TASK DESCRIPTION. Please report each line in the material below that includes "real".

INPUT FOR THIS TASK.
______

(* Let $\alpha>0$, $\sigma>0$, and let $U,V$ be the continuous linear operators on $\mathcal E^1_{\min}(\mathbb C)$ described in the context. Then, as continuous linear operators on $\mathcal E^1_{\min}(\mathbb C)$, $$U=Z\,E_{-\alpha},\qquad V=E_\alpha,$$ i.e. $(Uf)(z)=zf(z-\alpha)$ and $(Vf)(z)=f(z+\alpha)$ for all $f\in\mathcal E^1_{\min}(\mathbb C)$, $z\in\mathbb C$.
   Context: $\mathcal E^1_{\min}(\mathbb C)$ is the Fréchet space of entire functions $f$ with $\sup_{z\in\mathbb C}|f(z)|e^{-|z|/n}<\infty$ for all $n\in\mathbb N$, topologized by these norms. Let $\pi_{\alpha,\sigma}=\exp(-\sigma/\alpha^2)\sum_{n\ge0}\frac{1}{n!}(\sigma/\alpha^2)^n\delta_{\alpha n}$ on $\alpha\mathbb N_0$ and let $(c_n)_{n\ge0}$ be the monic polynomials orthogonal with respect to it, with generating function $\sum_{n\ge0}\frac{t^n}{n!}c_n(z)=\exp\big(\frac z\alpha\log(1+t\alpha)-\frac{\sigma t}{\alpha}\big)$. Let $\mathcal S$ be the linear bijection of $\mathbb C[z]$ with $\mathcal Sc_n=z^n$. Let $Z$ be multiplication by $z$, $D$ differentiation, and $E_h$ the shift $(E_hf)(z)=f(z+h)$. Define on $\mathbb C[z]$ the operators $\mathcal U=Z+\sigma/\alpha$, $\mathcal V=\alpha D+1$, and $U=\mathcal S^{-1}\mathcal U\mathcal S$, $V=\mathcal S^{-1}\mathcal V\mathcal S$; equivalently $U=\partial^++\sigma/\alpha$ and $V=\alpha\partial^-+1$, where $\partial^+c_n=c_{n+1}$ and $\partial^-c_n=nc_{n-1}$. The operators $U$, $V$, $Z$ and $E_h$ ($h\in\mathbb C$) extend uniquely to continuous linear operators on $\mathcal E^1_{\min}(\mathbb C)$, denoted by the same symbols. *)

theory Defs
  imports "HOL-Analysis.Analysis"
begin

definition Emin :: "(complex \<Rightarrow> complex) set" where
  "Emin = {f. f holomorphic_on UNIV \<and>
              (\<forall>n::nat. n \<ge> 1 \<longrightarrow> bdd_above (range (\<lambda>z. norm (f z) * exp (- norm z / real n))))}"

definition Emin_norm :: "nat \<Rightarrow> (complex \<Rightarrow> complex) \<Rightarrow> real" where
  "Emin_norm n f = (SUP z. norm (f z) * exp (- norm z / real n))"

______

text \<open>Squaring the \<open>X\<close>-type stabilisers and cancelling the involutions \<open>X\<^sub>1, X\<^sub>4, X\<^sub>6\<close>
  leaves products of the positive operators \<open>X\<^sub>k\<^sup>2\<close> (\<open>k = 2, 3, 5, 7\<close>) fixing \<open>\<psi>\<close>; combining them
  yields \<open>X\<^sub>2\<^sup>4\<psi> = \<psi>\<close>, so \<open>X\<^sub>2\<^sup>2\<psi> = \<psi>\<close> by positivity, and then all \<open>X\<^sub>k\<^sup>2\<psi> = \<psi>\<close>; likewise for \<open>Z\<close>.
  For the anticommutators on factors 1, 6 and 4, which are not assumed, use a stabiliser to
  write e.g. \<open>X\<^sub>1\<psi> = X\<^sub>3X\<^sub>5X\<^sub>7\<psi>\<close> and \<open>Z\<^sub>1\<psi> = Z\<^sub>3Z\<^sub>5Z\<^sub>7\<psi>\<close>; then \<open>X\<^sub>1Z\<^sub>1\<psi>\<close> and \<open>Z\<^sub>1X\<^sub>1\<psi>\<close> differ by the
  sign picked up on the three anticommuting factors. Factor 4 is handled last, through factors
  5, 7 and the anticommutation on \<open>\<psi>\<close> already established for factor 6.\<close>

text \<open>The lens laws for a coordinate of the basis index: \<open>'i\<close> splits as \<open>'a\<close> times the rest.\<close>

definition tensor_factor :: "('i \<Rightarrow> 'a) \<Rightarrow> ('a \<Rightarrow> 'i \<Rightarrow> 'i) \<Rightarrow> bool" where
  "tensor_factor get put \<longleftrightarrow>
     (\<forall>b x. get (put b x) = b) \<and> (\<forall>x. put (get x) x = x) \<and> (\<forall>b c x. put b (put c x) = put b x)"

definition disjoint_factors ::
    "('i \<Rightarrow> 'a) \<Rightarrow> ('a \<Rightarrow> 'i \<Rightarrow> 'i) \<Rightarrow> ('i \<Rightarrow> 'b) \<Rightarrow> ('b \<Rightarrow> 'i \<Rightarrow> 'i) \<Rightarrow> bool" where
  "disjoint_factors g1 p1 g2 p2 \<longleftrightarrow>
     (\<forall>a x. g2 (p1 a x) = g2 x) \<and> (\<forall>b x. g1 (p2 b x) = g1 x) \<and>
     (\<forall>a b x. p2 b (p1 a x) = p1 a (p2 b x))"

______

TASK RESULT.
              (\<forall>n::nat. n \<ge> 1 \<longrightarrow> bdd_above (range (\<lambda>z. norm (f z) * exp (- norm z / real n))))}"
definition Emin_norm :: "nat \<Rightarrow> (complex \<Rightarrow> complex) \<Rightarrow> real" where
  "Emin_norm n f = (SUP z. norm (f z) * exp (- norm z / real n))"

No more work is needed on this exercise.